+++ The records +++

definition outdeg :: "('a \<times> 'a) set \<Rightarrow> 'a \<Rightarrow> nat" where
  "outdeg A v = card {w. (v, w) \<in> A}"

definition phylo_network :: "'a set \<Rightarrow> ('a \<times> 'a) set \<Rightarrow> 'a set \<Rightarrow> 'a \<Rightarrow> bool" where
  "phylo_network V A X r \<longleftrightarrow>
     finite V \<and> A \<subseteq> V \<times> V \<and> X \<noteq> {} \<and> X \<subseteq> V \<and> r \<in> V \<and>
     acyclic A \<and>
     indeg A r = 0 \<and> (\<forall>v\<in>V. v \<noteq> r \<longrightarrow> indeg A v \<ge> 1) \<and>
     ((V = {r} \<and> X = {r} \<and> A = {}) \<or>
      (outdeg A r \<ge> 1 \<and>
       X = {v\<in>V. outdeg A v = 0} \<and>
       (\<forall>x\<in>X. indeg A x = 1) \<and>
       (\<forall>v\<in>V. v \<noteq> r \<and> v \<notin> X \<longrightarrow>
          (indeg A v = 1 \<and> outdeg A v \<ge> 2) \<or> (indeg A v \<ge> 2 \<and> outdeg A v = 1))))"

definition reticulation :: "('a \<times> 'a) set \<Rightarrow> 'a \<Rightarrow> bool" where
  "reticulation A v \<longleftrightarrow> indeg A v \<ge> 2"

definition tree_based :: "'a set \<Rightarrow> ('a \<times> 'a) set \<Rightarrow> 'a set \<Rightarrow> 'a \<Rightarrow> bool" where
  "tree_based V A X r \<longleftrightarrow>
     (\<exists>S. S \<subseteq> A \<and>
          (\<forall>v\<in>V. (r, v) \<in> S\<^sup>*) \<and>
          (\<forall>v\<in>V. v \<noteq> r \<longrightarrow> indeg S v = 1) \<and>
          indeg S r = 0 \<and>
          (\<forall>v\<in>V. outdeg S v = 0 \<longrightarrow> v \<in> X))"

definition temporal :: "'a set \<Rightarrow> ('a \<times> 'a) set \<Rightarrow> bool" where
  "temporal V A \<longleftrightarrow>
     (\<exists>t :: 'a \<Rightarrow> real. \<forall>(u, v)\<in>A.
        (reticulation A v \<longrightarrow> t u = t v) \<and> (\<not> reticulation A v \<longrightarrow> t u < t v))"

definition antichain :: "'a set \<Rightarrow> ('a \<times> 'a) set \<Rightarrow> 'a set \<Rightarrow> bool" where
  "antichain V A S \<longleftrightarrow> S \<subseteq> V \<and> (\<forall>u\<in>S. \<forall>v\<in>S. u \<noteq> v \<longrightarrow> (u, v) \<notin> A\<^sup>+)"

definition dpath :: "('a \<times> 'a) set \<Rightarrow> 'a list \<Rightarrow> bool" where
  "dpath A p \<longleftrightarrow> p \<noteq> [] \<and> successively (\<lambda>u v. (u, v) \<in> A) p"

definition antichain_to_leaf :: "'a set \<Rightarrow> ('a \<times> 'a) set \<Rightarrow> 'a set \<Rightarrow> bool" where
  "antichain_to_leaf V A X \<longleftrightarrow>
     (\<forall>S. antichain V A S \<longrightarrow>
        (\<exists>P :: 'a \<Rightarrow> 'a list.
           (\<forall>s\<in>S. dpath A (P s) \<and> hd (P s) = s \<and> last (P s) \<in> X) \<and>
           (\<forall>s\<in>S. \<forall>t\<in>S. s \<noteq> t \<longrightarrow> set (P s) \<inter> set (P t) = {})))"

end

theory Submission
  imports Defs
begin

text \<open>
  If N is tree-based, follow its spanning tree downwards from every vertex of an antichain to a
  leaf; since every vertex has a unique tree parent, tree paths from incomparable vertices are
  disjoint.

  Conversely, N is tree-based as soon as the omnians (non-leaf vertices all of whose children
  are reticulations) can be matched injectively to children (Jetten and van Iersel): every other
  non-leaf vertex has a tree-vertex child, of which it is the only parent. A reticulate omnian has
  a single child, and two of them never share it, as they would form an antichain that cannot be
  linked disjointly to leaves. The other omnians are matched by Hall's theorem to children without
  reticulation parents. The Hall condition is checked one time level at a time: the temporal
  labelling makes the omnians of one level, together with those reticulation parents of their
  children that are not below them, an antichain, and tracing its disjoint leaf paths back along
  reticulation-to-reticulation arcs yields distinct admissible children.
\<close>

lemma successively_next_in_set:
  assumes "successively R p" "b \<in> set p" "b \<noteq> last p" "\<And>z. R b z \<Longrightarrow> z = b'"
  shows "b' \<in> set p"
  using assms
proof (induction p rule: induct_list012)
  case (3 x y zs)
  show ?case
  proof (cases "b = x")
    case True
    then show ?thesis using "3.prems"(1,4) by force
  next
    case False
    then show ?thesis using "3.IH"(2) "3.prems" by simp
  qed
qed auto
lemma B_normal_if_normal_level_tops:
  assumes \<tau>: "B_topology \<tau>" and "\<And>i. normal_space (level_top \<tau> (B4_atom i))"
  shows "B_normal \<tau>"
  unfolding B_normal_def
proof (intro allI impI)
  fix l m assume "l \<in> \<tau>" "B_closed \<tau> m" "m \<le> l"
  then have "\<exists>V. openin (level_top \<tau> (B4_atom i)) V \<and> slice m i \<subseteq> V \<and>
                 level_top \<tau> (B4_atom i) closure_of V \<subseteq> slice l i" for i
    using assms(2) unfolding normal_space_alt
    by (simp add: mem_B_topology_iff_openin[OF \<tau>] B_closed_iff_closedin_slices[OF \<tau>]
        fun_le_iff_slices)
  then obtain V where V: "\<And>i. openin (level_top \<tau> (B4_atom i)) (V i)" "\<And>i. slice m i \<subseteq> V i"
    "\<And>i. level_top \<tau> (B4_atom i) closure_of V i \<subseteq> slice l i"
    by metis
  have "of_slices V \<in> \<tau>"
    using V(1) by (simp add: mem_B_topology_iff_openin[OF \<tau>])
  moreover have "m \<le> of_slices V"
    using V(2) by (simp add: fun_le_iff_slices)
  moreover have "of_slices V \<le> B_closure \<tau> (of_slices V)"
    using closure_of_subset[OF openin_subset, OF V(1)]
    by (simp add: fun_le_iff_slices slice_B_closure[OF \<tau>])
  moreover have "B_closure \<tau> (of_slices V) \<le> l"
    using V(3) by (simp add: B_closure_le_iff[OF \<tau>])
  ultimately show "\<exists>n\<in>\<tau>. m \<le> n \<and> n \<le> B_closure \<tau> n \<and> B_closure \<tau> n \<le> l"
    by blast
qed

lemma B_normal_iff_normal_level_tops:
  "B_topology \<tau> \<Longrightarrow> B_normal \<tau> \<longleftrightarrow> (\<forall>i. normal_space (level_top \<tau> (B4_atom i)))"
  using normal_level_top_if_B_normal B_normal_if_normal_level_tops by blast

lemma B4_coord_spec_order:
  "B4_coord i (spec_order \<tau> x y) \<longleftrightarrow> (\<forall>U\<in>levels \<tau> (B4_atom i). x \<in> U \<longrightarrow> y \<in> U)"
  by (auto simp: spec_order_def bimp_def levels_def level_B4_atom slice_def)

lemma spec_order_eq_top_iff:
  "spec_order \<tau> x y = top \<longleftrightarrow> (\<forall>i. \<forall>U\<in>levels \<tau> (B4_atom i). x \<in> U \<longrightarrow> y \<in> U)"
  unfolding B4_eq_iff_coord B4_coord_spec_order by simp

lemma B4_coord_spec_order_iff_in_closure:
  "B_topology \<tau> \<Longrightarrow>
    B4_coord i (spec_order \<tau> x y) \<longleftrightarrow> x \<in> level_top \<tau> (B4_atom i) closure_of {y}"
  by (auto simp: B4_coord_spec_order in_closure_of topspace_level_top openin_level_top)

lemma B_R0_iff_r0_level_tops:
  assumes \<tau>: "B_topology \<tau>"
  shows "B_R0 \<tau> \<longleftrightarrow> (\<forall>i. r0_space (level_top \<tau> (B4_atom i)))"
  unfolding B_R0_def B4_eq_iff_coord B4_coord_spec_order_iff_in_closure[OF \<tau>]
    r0_space_iff_closure_of_singleton_sym
  by blast

lemma B_T0_iff_t0_join_top:
  assumes \<tau>: "B_topology \<tau>"
  shows "B_T0 \<tau> \<longleftrightarrow> t0_space (join_top \<tau>)"
proof -
  have levels: "levels \<tau> tt \<union> levels \<tau> ff = (\<Union>i. levels \<tau> (B4_atom i))"
    by (simp add: UN_bool_eq B4_atom_def)
  have cover: "\<Union>(\<Union>i. levels \<tau> (B4_atom i)) = UNIV"
    using UNIV_in_levels[OF \<tau>] by blast
  have t0: "t0_space (join_top \<tau>) \<longleftrightarrow>
      (\<forall>x y. (\<forall>i. \<forall>U\<in>levels \<tau> (B4_atom i). x \<in> U \<longleftrightarrow> y \<in> U) \<longrightarrow> x = y)"
    unfolding join_top_def t0_space_topology_generated_by levels
    by (simp only: cover ball_UNIV ball_UN)
  have spec: "spec_order \<tau> x y = top \<and> spec_order \<tau> y x = top \<longleftrightarrow>
      (\<forall>i. \<forall>U\<in>levels \<tau> (B4_atom i). x \<in> U \<longleftrightarrow> y \<in> U)" for x y
    unfolding spec_order_eq_top_iff by auto
  show ?thesis
    unfolding B_T0_def t0 spec ..
qed

theorem mainTheorem18:
  fixes \<tau> :: "('a \<Rightarrow> B4) set"
  assumes "B_topology \<tau>"
  shows "(B_normal \<tau> \<longleftrightarrow>
            normal_space (level_top \<tau> tt) \<and> normal_space (level_top \<tau> ff))
       \<and> (B_T4 \<tau> \<longleftrightarrow>
            t0_space (join_top \<tau>) \<and>
            r0_space (level_top \<tau> tt) \<and> r0_space (level_top \<tau> ff) \<and>
            normal_space (level_top \<tau> tt) \<and> normal_space (level_top \<tau> ff))"
proof -
  have normal: "B_normal \<tau> \<longleftrightarrow> normal_space (level_top \<tau> tt) \<and> normal_space (level_top \<tau> ff)"
    using B_normal_iff_normal_level_tops[OF assms] all_B4_atom[of "\<lambda>b. normal_space (level_top \<tau> b)"]
    by simp
  have R0: "B_R0 \<tau> \<longleftrightarrow> r0_space (level_top \<tau> tt) \<and> r0_space (level_top \<tau> ff)"
    using B_R0_iff_r0_level_tops[OF assms] all_B4_atom[of "\<lambda>b. r0_space (level_top \<tau> b)"]
    by simp
  show ?thesis
    unfolding B_T4_def B_T1_def normal R0 B_T0_iff_t0_join_top[OF assms]
    by auto
qed

end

+++

__Your goal__: If a line in the records above includes the string "blast", copy it.

__Result of this exercise__:
    by blast
  using normal_level_top_if_B_normal B_normal_if_normal_level_tops by blast
  by blast
    using UNIV_in_levels[OF \<tau>] by blast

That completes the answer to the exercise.